Activity: Within the records below, reproduce without change the lines from the line that has "then show ?thesis by simp" through the line that has "by (simp add: sdist_def arccos_eq_0_iff)", and only those.

———

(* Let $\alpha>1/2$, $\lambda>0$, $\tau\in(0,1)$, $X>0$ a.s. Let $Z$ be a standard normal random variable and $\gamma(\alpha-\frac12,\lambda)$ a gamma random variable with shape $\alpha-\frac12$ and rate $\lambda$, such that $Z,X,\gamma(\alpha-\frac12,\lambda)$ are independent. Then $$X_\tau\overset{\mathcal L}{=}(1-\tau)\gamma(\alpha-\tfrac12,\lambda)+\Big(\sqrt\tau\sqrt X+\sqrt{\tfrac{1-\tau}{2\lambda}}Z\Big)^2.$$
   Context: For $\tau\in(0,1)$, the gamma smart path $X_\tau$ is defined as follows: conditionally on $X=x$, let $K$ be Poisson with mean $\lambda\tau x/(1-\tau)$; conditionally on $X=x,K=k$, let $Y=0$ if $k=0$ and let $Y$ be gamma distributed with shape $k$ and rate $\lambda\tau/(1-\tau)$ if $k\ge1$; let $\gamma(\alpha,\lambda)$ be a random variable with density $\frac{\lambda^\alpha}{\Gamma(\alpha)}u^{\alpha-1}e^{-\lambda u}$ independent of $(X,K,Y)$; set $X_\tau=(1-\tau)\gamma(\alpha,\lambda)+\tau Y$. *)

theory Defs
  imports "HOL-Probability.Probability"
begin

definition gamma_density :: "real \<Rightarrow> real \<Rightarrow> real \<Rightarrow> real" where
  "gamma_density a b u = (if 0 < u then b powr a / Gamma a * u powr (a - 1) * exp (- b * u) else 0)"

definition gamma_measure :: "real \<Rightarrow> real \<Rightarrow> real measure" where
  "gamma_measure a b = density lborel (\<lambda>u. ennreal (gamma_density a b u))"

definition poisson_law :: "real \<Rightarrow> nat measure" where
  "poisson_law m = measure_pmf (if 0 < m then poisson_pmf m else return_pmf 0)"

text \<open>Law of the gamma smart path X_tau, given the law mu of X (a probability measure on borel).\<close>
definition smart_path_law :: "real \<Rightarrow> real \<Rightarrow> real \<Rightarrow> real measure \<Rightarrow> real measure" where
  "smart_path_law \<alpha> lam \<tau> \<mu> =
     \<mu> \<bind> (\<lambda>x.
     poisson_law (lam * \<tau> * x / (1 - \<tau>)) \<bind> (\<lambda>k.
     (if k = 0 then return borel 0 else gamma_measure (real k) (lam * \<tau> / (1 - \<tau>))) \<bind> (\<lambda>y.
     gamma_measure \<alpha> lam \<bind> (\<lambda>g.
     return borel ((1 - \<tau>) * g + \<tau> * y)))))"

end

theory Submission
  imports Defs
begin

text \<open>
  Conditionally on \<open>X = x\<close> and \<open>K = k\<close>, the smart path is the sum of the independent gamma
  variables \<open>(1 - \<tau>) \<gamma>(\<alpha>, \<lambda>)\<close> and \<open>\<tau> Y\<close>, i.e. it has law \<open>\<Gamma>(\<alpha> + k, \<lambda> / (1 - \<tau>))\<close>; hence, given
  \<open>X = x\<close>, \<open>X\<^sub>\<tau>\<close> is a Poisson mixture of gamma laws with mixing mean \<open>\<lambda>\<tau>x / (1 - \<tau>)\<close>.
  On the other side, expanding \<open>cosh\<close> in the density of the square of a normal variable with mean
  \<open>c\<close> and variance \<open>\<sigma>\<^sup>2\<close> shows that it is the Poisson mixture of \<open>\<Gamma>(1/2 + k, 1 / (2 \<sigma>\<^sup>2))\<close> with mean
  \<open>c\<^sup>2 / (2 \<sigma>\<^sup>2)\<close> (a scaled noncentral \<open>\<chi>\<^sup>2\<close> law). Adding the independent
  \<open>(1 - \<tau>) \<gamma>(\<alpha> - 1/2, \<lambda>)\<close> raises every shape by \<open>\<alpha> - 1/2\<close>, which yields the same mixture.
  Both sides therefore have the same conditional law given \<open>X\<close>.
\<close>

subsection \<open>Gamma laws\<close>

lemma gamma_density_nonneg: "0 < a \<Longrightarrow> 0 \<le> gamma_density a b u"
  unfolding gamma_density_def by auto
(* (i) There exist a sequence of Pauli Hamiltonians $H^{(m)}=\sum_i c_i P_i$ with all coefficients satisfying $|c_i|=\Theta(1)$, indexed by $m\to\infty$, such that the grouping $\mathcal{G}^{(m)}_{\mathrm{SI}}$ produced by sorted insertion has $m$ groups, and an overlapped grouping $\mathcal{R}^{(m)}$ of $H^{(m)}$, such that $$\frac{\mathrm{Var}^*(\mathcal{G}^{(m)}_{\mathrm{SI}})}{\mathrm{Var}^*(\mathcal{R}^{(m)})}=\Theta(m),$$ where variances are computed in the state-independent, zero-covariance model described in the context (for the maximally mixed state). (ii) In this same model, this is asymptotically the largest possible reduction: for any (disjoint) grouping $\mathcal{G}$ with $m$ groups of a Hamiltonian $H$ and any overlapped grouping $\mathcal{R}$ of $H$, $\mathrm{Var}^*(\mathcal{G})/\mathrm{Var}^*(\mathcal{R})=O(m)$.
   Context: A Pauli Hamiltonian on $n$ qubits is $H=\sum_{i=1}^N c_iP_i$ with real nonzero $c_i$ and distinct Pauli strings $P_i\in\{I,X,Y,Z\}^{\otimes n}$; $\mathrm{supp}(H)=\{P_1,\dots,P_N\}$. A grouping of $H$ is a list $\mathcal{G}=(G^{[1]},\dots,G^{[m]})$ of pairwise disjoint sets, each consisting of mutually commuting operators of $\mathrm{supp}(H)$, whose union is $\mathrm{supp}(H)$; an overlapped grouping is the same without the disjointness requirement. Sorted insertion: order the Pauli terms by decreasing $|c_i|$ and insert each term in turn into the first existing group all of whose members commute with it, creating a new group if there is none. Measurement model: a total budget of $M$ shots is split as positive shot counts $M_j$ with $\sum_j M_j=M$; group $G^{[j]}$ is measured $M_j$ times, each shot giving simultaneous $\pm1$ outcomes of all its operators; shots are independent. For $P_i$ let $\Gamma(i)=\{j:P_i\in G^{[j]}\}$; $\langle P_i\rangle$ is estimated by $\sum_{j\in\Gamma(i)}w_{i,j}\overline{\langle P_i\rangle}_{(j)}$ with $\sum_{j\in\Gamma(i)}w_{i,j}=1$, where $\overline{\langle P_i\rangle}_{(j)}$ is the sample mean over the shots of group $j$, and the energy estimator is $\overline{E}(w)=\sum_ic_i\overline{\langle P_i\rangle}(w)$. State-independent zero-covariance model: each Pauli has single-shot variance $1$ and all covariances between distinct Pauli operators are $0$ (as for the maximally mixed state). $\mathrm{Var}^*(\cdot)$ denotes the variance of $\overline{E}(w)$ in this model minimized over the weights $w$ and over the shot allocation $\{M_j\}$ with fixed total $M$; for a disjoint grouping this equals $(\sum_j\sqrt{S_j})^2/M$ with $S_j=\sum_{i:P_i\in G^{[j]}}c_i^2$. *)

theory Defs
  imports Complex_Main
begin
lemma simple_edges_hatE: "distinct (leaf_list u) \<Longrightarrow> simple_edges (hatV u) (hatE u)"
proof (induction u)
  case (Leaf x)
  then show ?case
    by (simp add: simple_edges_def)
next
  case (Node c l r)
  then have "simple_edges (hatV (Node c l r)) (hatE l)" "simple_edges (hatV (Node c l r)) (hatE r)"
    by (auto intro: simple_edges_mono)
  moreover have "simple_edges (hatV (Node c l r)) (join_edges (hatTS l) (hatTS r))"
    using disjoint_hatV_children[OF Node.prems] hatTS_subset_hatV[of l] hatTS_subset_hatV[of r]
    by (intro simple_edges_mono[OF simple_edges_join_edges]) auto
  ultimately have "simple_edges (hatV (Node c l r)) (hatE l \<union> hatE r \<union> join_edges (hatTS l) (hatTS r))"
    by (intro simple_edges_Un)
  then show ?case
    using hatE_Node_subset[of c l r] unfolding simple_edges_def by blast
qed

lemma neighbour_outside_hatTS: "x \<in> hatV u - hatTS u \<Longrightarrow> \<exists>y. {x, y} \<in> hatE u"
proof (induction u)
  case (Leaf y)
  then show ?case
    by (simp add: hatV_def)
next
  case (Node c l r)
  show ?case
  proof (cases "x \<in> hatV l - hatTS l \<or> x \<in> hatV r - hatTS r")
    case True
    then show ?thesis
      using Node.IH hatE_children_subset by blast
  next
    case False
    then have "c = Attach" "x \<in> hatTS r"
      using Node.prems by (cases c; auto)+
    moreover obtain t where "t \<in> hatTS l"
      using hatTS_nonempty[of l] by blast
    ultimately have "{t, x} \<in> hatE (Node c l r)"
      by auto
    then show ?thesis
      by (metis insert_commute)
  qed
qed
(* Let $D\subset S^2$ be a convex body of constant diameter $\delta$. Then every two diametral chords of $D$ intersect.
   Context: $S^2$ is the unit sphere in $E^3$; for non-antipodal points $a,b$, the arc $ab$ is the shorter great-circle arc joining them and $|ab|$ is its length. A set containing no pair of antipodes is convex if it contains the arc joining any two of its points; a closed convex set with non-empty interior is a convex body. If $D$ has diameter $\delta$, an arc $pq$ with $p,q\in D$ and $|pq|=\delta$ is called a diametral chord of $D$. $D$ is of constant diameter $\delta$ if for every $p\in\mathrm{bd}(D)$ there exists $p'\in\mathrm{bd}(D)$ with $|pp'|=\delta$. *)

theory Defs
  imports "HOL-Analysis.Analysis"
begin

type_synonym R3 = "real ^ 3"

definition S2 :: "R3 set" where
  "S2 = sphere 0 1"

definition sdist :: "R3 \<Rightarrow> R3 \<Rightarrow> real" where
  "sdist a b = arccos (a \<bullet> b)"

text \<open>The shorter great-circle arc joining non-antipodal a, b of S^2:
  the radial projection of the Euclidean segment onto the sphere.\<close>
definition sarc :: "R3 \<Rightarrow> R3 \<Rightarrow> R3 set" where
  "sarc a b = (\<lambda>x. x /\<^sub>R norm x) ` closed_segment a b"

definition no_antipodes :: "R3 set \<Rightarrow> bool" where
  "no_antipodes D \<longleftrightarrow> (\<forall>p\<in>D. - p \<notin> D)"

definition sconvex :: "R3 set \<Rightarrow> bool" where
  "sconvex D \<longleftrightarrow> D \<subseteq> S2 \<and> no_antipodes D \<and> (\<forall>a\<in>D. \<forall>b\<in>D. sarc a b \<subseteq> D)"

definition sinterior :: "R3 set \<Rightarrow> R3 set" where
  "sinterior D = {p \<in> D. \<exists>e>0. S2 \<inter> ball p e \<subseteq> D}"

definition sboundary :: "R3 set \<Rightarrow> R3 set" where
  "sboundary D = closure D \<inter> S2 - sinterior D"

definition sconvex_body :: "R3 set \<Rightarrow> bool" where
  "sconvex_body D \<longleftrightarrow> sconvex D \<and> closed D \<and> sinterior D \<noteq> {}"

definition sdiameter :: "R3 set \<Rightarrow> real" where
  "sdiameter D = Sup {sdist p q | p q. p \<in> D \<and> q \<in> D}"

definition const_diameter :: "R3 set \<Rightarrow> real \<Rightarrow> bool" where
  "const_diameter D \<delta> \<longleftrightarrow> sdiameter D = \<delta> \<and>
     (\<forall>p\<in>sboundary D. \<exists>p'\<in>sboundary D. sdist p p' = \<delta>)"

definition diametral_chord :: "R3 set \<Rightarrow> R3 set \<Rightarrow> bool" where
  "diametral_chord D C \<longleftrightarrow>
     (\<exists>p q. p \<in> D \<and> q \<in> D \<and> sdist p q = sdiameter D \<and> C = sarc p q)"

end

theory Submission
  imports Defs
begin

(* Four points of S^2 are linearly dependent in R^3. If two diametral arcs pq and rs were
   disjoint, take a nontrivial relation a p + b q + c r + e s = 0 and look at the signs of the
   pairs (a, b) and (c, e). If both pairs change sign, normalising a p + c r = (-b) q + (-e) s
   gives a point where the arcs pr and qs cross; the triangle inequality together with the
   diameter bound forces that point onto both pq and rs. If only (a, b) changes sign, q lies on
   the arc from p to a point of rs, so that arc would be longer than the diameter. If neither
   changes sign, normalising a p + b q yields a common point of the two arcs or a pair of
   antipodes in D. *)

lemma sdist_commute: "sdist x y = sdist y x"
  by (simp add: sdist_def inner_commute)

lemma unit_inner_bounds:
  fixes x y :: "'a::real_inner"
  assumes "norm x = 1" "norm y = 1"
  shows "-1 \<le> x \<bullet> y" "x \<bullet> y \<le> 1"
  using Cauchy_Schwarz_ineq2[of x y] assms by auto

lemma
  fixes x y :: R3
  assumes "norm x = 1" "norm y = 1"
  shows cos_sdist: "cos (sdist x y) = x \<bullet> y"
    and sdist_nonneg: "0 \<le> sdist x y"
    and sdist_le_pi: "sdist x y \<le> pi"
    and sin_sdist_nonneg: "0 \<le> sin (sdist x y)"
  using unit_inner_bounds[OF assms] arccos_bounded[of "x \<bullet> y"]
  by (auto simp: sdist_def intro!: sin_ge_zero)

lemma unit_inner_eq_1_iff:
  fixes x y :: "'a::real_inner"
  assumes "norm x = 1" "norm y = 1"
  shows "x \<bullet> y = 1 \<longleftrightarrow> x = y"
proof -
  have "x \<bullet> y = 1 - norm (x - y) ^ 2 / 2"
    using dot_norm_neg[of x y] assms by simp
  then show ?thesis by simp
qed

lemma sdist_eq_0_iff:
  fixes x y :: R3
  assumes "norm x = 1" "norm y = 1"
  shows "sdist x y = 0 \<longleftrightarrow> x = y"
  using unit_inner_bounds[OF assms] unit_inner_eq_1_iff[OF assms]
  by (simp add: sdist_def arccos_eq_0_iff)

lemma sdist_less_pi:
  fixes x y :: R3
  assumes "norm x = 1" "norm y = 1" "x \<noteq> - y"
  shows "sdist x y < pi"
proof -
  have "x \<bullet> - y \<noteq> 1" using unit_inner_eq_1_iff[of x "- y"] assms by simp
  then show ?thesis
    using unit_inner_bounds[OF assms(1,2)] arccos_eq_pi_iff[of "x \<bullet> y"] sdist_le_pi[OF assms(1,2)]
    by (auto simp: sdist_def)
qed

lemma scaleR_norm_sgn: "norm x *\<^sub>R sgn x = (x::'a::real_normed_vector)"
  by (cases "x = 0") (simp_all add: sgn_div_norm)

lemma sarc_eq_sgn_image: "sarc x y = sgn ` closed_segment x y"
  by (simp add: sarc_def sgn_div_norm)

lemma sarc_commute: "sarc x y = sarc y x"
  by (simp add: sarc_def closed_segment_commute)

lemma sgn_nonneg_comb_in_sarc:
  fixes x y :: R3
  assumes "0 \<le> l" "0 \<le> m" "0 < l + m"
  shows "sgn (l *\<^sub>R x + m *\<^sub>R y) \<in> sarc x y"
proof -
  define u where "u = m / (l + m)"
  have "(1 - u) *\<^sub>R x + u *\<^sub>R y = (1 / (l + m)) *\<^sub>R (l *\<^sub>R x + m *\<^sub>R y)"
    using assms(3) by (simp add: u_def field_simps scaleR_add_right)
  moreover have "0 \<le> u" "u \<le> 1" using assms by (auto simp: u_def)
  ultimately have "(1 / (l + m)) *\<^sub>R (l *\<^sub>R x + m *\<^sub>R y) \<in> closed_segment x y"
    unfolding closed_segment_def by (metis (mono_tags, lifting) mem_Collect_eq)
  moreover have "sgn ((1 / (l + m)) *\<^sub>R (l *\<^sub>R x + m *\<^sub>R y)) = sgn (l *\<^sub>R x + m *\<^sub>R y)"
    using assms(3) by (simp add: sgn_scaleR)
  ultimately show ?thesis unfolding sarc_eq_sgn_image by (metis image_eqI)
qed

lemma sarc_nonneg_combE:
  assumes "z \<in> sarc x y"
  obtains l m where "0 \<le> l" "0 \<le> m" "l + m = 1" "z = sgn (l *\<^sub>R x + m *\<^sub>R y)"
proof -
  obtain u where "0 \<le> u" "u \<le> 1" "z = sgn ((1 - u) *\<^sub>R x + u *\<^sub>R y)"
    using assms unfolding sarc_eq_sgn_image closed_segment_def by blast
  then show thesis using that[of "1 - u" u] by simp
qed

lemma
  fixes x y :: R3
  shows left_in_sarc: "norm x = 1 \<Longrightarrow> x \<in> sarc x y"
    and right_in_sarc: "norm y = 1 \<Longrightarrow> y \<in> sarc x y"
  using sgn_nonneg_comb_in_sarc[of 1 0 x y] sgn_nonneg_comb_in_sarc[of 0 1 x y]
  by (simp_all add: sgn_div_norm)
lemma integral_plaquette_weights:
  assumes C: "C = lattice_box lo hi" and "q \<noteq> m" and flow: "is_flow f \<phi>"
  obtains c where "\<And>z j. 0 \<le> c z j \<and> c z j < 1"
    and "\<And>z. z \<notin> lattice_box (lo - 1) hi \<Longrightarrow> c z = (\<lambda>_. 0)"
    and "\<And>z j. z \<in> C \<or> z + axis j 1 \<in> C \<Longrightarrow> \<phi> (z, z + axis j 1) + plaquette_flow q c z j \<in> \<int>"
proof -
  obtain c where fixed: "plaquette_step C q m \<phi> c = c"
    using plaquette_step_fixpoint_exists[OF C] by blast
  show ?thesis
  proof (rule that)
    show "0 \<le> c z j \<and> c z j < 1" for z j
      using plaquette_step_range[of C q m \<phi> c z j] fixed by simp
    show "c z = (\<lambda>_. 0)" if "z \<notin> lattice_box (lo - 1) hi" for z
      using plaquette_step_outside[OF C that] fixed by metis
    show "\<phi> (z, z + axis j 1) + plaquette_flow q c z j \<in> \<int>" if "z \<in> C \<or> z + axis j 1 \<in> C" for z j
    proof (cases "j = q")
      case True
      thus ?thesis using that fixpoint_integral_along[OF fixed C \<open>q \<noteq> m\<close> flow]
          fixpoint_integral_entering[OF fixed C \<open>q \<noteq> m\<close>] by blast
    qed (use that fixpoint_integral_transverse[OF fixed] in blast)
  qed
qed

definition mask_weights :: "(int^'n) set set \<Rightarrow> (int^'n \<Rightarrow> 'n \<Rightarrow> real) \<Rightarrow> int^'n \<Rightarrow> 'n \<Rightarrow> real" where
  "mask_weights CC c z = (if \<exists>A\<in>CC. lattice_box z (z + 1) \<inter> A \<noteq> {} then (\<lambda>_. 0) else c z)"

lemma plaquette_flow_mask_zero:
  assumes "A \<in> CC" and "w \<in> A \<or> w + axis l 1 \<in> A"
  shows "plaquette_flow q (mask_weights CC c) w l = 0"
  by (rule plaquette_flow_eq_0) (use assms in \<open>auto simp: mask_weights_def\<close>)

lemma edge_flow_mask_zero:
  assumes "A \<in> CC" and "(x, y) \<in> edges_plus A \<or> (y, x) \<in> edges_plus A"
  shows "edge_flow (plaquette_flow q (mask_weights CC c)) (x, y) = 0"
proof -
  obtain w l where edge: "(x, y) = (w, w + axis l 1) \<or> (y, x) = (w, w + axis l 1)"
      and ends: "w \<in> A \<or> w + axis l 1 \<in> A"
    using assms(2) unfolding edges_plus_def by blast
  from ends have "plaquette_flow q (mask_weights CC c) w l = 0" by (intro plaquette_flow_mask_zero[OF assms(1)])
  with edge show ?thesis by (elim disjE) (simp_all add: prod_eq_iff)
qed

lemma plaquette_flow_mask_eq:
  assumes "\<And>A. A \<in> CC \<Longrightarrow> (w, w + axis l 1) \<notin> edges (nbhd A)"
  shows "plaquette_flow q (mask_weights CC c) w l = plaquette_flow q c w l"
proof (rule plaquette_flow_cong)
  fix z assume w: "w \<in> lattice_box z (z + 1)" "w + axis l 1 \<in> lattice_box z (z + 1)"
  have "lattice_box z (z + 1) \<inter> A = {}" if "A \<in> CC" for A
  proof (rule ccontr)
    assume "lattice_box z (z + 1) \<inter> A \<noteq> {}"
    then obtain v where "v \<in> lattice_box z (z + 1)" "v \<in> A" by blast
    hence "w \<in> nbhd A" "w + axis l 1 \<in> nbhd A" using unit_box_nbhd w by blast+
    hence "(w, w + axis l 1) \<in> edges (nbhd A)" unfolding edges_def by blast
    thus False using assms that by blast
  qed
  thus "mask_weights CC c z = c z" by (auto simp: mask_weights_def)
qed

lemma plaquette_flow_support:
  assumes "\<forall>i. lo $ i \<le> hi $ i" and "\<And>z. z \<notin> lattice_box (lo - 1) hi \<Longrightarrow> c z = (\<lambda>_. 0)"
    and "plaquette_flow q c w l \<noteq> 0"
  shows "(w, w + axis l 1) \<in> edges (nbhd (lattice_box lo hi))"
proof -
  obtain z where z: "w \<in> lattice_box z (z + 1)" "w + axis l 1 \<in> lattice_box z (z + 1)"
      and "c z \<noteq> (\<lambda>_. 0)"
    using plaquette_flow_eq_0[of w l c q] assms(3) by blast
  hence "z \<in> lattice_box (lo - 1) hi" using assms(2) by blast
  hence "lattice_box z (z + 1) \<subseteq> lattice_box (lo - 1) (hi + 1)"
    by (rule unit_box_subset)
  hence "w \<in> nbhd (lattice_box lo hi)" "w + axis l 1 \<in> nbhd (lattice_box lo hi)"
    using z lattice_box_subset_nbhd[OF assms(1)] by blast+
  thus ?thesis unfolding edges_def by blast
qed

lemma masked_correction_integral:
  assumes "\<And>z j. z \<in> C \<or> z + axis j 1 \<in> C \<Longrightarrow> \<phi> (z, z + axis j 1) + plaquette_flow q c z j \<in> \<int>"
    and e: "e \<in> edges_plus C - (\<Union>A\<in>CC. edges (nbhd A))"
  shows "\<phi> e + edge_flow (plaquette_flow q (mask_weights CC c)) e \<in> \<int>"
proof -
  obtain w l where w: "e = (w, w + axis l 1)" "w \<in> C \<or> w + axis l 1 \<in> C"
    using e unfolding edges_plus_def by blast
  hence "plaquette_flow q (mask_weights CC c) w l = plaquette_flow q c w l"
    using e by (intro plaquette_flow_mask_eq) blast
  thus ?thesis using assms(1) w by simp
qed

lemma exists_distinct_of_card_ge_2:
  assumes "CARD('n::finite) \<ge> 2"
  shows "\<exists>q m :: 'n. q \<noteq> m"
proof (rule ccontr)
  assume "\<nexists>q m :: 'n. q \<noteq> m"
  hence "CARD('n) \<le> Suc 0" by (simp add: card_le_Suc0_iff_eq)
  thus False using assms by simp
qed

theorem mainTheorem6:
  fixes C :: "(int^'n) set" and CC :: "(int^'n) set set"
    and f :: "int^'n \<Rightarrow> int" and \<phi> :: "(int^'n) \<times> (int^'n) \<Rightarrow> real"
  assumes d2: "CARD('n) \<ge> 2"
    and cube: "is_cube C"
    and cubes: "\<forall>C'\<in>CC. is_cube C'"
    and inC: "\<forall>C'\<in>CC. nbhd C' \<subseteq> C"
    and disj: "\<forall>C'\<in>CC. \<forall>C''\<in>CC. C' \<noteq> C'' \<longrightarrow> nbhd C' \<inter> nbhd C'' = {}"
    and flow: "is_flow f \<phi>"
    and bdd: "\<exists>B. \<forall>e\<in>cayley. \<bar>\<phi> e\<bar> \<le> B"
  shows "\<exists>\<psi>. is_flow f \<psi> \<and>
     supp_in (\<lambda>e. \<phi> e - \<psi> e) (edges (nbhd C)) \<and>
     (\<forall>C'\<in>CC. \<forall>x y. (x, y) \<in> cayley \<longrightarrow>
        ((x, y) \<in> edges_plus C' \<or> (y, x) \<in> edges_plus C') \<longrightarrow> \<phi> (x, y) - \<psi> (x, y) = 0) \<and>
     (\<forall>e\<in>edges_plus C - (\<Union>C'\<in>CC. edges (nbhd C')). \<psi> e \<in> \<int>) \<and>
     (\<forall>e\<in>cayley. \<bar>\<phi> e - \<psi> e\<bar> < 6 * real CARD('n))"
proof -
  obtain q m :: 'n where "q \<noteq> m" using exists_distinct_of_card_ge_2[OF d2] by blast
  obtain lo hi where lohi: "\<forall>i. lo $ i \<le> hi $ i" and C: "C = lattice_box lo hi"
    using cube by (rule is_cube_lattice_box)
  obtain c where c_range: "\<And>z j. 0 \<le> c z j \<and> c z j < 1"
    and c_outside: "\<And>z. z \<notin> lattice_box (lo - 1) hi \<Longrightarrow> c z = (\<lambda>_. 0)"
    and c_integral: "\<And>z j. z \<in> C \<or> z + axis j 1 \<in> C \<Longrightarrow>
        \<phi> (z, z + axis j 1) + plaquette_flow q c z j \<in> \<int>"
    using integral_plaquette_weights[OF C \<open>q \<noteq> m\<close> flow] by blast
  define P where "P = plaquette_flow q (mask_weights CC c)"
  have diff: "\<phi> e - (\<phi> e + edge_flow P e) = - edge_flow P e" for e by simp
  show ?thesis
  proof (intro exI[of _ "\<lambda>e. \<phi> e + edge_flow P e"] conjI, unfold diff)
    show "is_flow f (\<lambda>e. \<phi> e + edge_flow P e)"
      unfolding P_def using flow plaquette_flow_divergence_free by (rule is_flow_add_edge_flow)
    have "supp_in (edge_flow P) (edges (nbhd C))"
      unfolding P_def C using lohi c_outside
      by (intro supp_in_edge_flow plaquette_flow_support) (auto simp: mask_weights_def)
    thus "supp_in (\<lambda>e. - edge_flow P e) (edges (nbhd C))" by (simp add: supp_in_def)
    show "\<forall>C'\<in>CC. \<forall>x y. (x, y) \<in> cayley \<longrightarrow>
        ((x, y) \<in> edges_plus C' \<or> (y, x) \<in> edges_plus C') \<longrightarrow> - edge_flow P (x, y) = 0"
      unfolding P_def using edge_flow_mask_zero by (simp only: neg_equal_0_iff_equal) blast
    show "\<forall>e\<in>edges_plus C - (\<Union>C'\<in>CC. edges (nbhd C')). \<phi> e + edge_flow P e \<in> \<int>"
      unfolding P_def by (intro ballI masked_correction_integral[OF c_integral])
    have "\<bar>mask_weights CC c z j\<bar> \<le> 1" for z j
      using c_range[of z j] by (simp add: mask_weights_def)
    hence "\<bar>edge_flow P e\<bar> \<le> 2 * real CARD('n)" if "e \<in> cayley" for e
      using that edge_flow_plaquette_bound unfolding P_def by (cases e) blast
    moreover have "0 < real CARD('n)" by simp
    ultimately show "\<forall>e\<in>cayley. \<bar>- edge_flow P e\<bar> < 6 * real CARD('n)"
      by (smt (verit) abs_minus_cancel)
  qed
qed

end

———

Response area:
  then show ?thesis by simp
qed

lemma sdist_eq_0_iff:
  fixes x y :: R3
  assumes "norm x = 1" "norm y = 1"
  shows "sdist x y = 0 \<longleftrightarrow> x = y"
  using unit_inner_bounds[OF assms] unit_inner_eq_1_iff[OF assms]
  by (simp add: sdist_def arccos_eq_0_iff)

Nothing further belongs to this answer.